興味があるってなんだよ。委員長と副委員長の関係ってだけで、他にはもう何もねーだろ。秘書にでもなったつもりかよ。ん? まさか……



「なぁあんた、兄貴が交通委員になったからマネして交通委員になって、兄貴が委員長になったから副委員長になったわけじゃねーよな?」



副委員長は見た目は地味だが、話を聞いていると何故か亀井が頭をよぎる。俺目当てで交通委員になって勝手に辞めていった、声が高くて派手なあの亀井だ。だから半分本気、半分カマかけて言ったに過ぎない言葉だったが、



「っっっ!」



副委員長が隠すこともせず俺の目の前で真っ赤になったのを見て、持っていた小野宮の筆箱を思わず落としてしまう。



「は……マジ?」

「な、何がよ!」



この状態でまだ隠し通せると思っているのか、副委員長は手をパタパタさせ「今日は暑いわね」なんて言ってる。



「……ハッ」

「何よ、そのバカにしたような笑い方!」


「いやあんた、見かけによらずかわいーんだなって思って」

「は!? か、かわ……っ!?」



一通り照れた後、副委員長はしばらく考えて「見かけによらずって何よ!」と怒ってきた。
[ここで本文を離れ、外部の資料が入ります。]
definition tangent_cone :: "'a::real_normed_vector set \<Rightarrow> 'a \<Rightarrow> 'a set" where
  "tangent_cone A x = {v. \<exists>xs \<tau>. (\<forall>i. xs i \<in> A \<and> \<tau> i > 0) \<and> \<tau> \<longlonglongrightarrow> 0 \<and>
       (\<lambda>i. (xs i - x) /\<^sub>R \<tau> i) \<longlonglongrightarrow> v}"

definition dual_cone :: "'a::real_inner set \<Rightarrow> 'a set \<Rightarrow> 'a set" where
  "dual_cone W K = {u \<in> W. \<forall>v\<in>K. inner u v \<ge> 0}"

text \<open>C^infinity on S: all iterated (Frechet) derivatives exist; D vs x is the iterated
  derivative at x applied to the directions in vs.  (On finite-dimensional spaces this is
  equivalent to the usual notion.)\<close>
definition smooth_on :: "'a::real_normed_vector set \<Rightarrow> ('a \<Rightarrow> 'b::real_normed_vector) \<Rightarrow> bool" where
  "smooth_on S f \<longleftrightarrow> (\<exists>D :: 'a list \<Rightarrow> 'a \<Rightarrow> 'b. (\<forall>x\<in>S. D [] x = f x) \<and>
      (\<forall>vs. \<forall>x\<in>S. (D vs has_derivative (\<lambda>v. D (v # vs) x)) (at x within S)))"

definition twice_differentiable_on :: "'a::real_normed_vector set \<Rightarrow> ('a \<Rightarrow> real) \<Rightarrow> bool" where
  "twice_differentiable_on S f \<longleftrightarrow> (\<exists>f' f''. \<forall>x\<in>S. (f has_derivative f' x) (at x within S) \<and>
      (\<forall>v. ((\<lambda>y. f' y v) has_derivative f'' x v) (at x within S)))"

text \<open>Smooth embedded submanifold of the linear space E (local defining functions h: U -> R^k,
  of constant codimension k, with M \<inter> U = h^-1(0) and Dh(p) of rank k).\<close>
definition embedded_submanifold :: "'a::real_normed_vector set \<Rightarrow> 'a set \<Rightarrow> bool" where
  "embedded_submanifold E M \<longleftrightarrow> M \<subseteq> E \<and> (\<exists>k. \<forall>p\<in>M. \<exists>U (h :: 'a \<Rightarrow> nat fsupp) h'.
      open U \<and> p \<in> U \<and> smooth_on (U \<inter> E) h \<and> (\<forall>y\<in>U \<inter> E. h y \<in> Rn k) \<and>
      (\<forall>y\<in>U \<inter> E. h y = 0 \<longleftrightarrow> y \<in> M) \<and>
      (h has_derivative h') (at p within U \<inter> E) \<and> h' ` E = Rn k)"

definition smooth_curve_in :: "'a::real_normed_vector set \<Rightarrow> (real \<Rightarrow> 'a) \<Rightarrow> bool" where
  "smooth_curve_in M c \<longleftrightarrow> (\<exists>\<epsilon>>0. smooth_on {-\<epsilon><..<\<epsilon>} c \<and> c ` {-\<epsilon><..<\<epsilon>} \<subseteq> M)"

definition two_critical :: "'a::real_normed_vector set \<Rightarrow> ('a \<Rightarrow> real) \<Rightarrow> 'a \<Rightarrow> bool" where
  "two_critical M g y \<longleftrightarrow> (\<forall>c. smooth_curve_in M c \<and> c 0 = y \<longrightarrow>
      deriv (g \<circ> c) 0 = 0 \<and> deriv (deriv (g \<circ> c)) 0 \<ge> 0)"

definition stationary_point :: "'a::real_inner set \<Rightarrow> 'a set \<Rightarrow> ('a \<Rightarrow> real) \<Rightarrow> 'a \<Rightarrow> bool" where
  "stationary_point W A f x \<longleftrightarrow> (\<exists>g\<in>W. (f has_derivative inner g) (at x within W) \<and>
      g \<in> dual_cone W (tangent_cone A x))"

definition two_implies_one ::
    "'a::real_normed_vector set \<Rightarrow> ('a \<Rightarrow> 'b::real_inner) \<Rightarrow> 'b set \<Rightarrow> 'a \<Rightarrow> bool" where
  "two_implies_one M \<phi> W y \<longleftrightarrow> (\<forall>f. twice_differentiable_on W f \<longrightarrow>
      two_critical M (f \<circ> \<phi>) y \<longrightarrow> stationary_point W (\<phi> ` M) f (\<phi> y))"

end

theory Submission
  imports Defs
begin

(* Pick an elementary tensor U = u_1 (x) ... (x) u_d with u_j orthogonal to col(Y_j) that is not
  in the dual of the tangent cone; one exists because these tensors form a set closed under
  negation, so if all of them were in the dual cone they, and hence their span, would be orthogonal
  to the tangent cone.  Take f = <U, .>.  Along a curve c(t) = (lambda(t), Y_1(t), ..., Y_d(t)) in M
  through the point, f(phi(c(t))) = sum_i lambda_i(t) prod_j <u_j, (Y_j(t))_(:,i)>, and every
  factor <u_j, (Y_j(t))_(:,i)> vanishes at t = 0.  If d >= 3, or d = 2 and lambda = 0, each summand
  is a product of at least three functions vanishing at 0, so the first two derivatives of f o phi o c
  vanish at 0 and the point is 2-critical.  But the gradient of f is U itself, so phi(lambda, Y) is
  not stationary.  The argument never uses that M is a submanifold or that it contains the point. *)

lemma fs_zero [simp]: "fs 0 x = 0"
  by (simp add: zero_fsupp.rep_eq)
いや、やっぱあんた面白ぇよ。



「小野宮も、あんたぐらい分かりやすかったらな」

「小野宮って……莉子ちゃんのことよね?」

「(やべ、口に出てた)」



これ以上は面倒くさそーだから、早めに教室に行くか。筆箱と資料を持ってすぐそばのドアを開けようとした、その時だった。


ガシッ


副委員長が俺の腕を掴む。地味な見た目してスゲー力なんだけど。何だよこの女……。



「いてぇ、放せ」

「私、一応先輩よ?」

「……何の用ですか放してください」



こんな恐喝する先輩がいてたまるかよ。



「なんすか。兄貴の情報なら何ももってな、」

「違う、莉子ちゃんのこと」

「……小野宮?」



なんでアイツが?副委員長が手を離したのを確認して、俺も向き直る。副委員長はさっきとはうって変わって、神妙な面持ちをしていた。



「弟くん、莉子ちゃんのこと嫌いでしょ?」

「は?」


「見てれば分かるのよ」

「……嫌いだよ」



前は「気に食わない」程度だったけど、今日で一気に「嫌い」になった。苦手な俺との距離はそのままで、でも、好きな兄貴との距離は近づきたい。小野宮に自分本位に「俺」を値踏みされたようで、イケすかねぇんだよ。



「嫌いを嫌いで返しちゃ悪ぃのかよ。アイツ、俺の事キライだぞ」

「本当にそう?」

「見れば分かんだろ」




あんなオドオドした態度されて喜ぶ奴っていんの?嫌われてるって思うのが普通だろーがよ。でも副委員長は「私ね分かるの」と言った。その目は俺を見ていない、どこか遠くを見つめてる感じ。なんだ?



「あんた訳あり?」

「人を値引き商品みたいに言わないでくれる? ま、目立つ神野兄弟には分からないわよね。地味な女の境地なんて」

「境地って……でも、アンタも地味そうな割には楽しくやってんじゃん。小野宮とはちげーよ」



安心すれば?と言った後、お腹にグーパンチが飛んでくる。もちろん、副委員長からだ。「な!いってぇ……」と少しだけうずくまる俺を無視して、副委員長が言った。



「同じなのよ。私と莉子ちゃん」

「同じ……?」


「私は中学の時に、莉子ちゃんみたいに喋れなくて、いつもオドオドした女の子だったのよ」

「それが今じゃズケズケ物言う図太ぇおばさんに、」



もちろん、そこでもう一発コブシが来る。と同時に「副委員長ーちょっと」とお声がかかった。



「はーい、今行くわ!じゃ、覚えておいて弟くん」



副委員長は、今度こそKOされて壁にもたれている俺に捨て台詞を吐く。



「地味子がオドオドしてるのってあなたにだけ? もっと周りを見なさい。地味子はね、皆が怖いの。皆が敵に見えるの。暗闇に一人、ポツンと取り残された気持ちになるの。でもね――そこに一人。たった一人の“ 誰か”が手を差し伸べてくれるだけで、地味子って案外逞しく変われるものなのよ」

「で……言いたいことは?」

「何もその“ 誰か”が委員長じゃなくて、あなたでもいいんじゃない?って話よ」



そして副委員長は、呼ばれた方に小走りで向かった。その姿を、まだジリジリ痛む腹をさすりながら見る。



「くそ、あの女……」



今の話、ようするに、



「兄貴が小野宮を甲斐甲斐しく世話してる間に二人がいい雰囲気になるのが嫌だから、阻止してくれってことかよ……」



まぁ実際、小野宮は兄貴のことを好きになったし、副委員長が焦るのも分かる。が――今の兄貴のポジションを俺がしろって?小野宮が迷ったら部屋まで送ってあげて、小野宮が泣いたら別室で慰めてやれって?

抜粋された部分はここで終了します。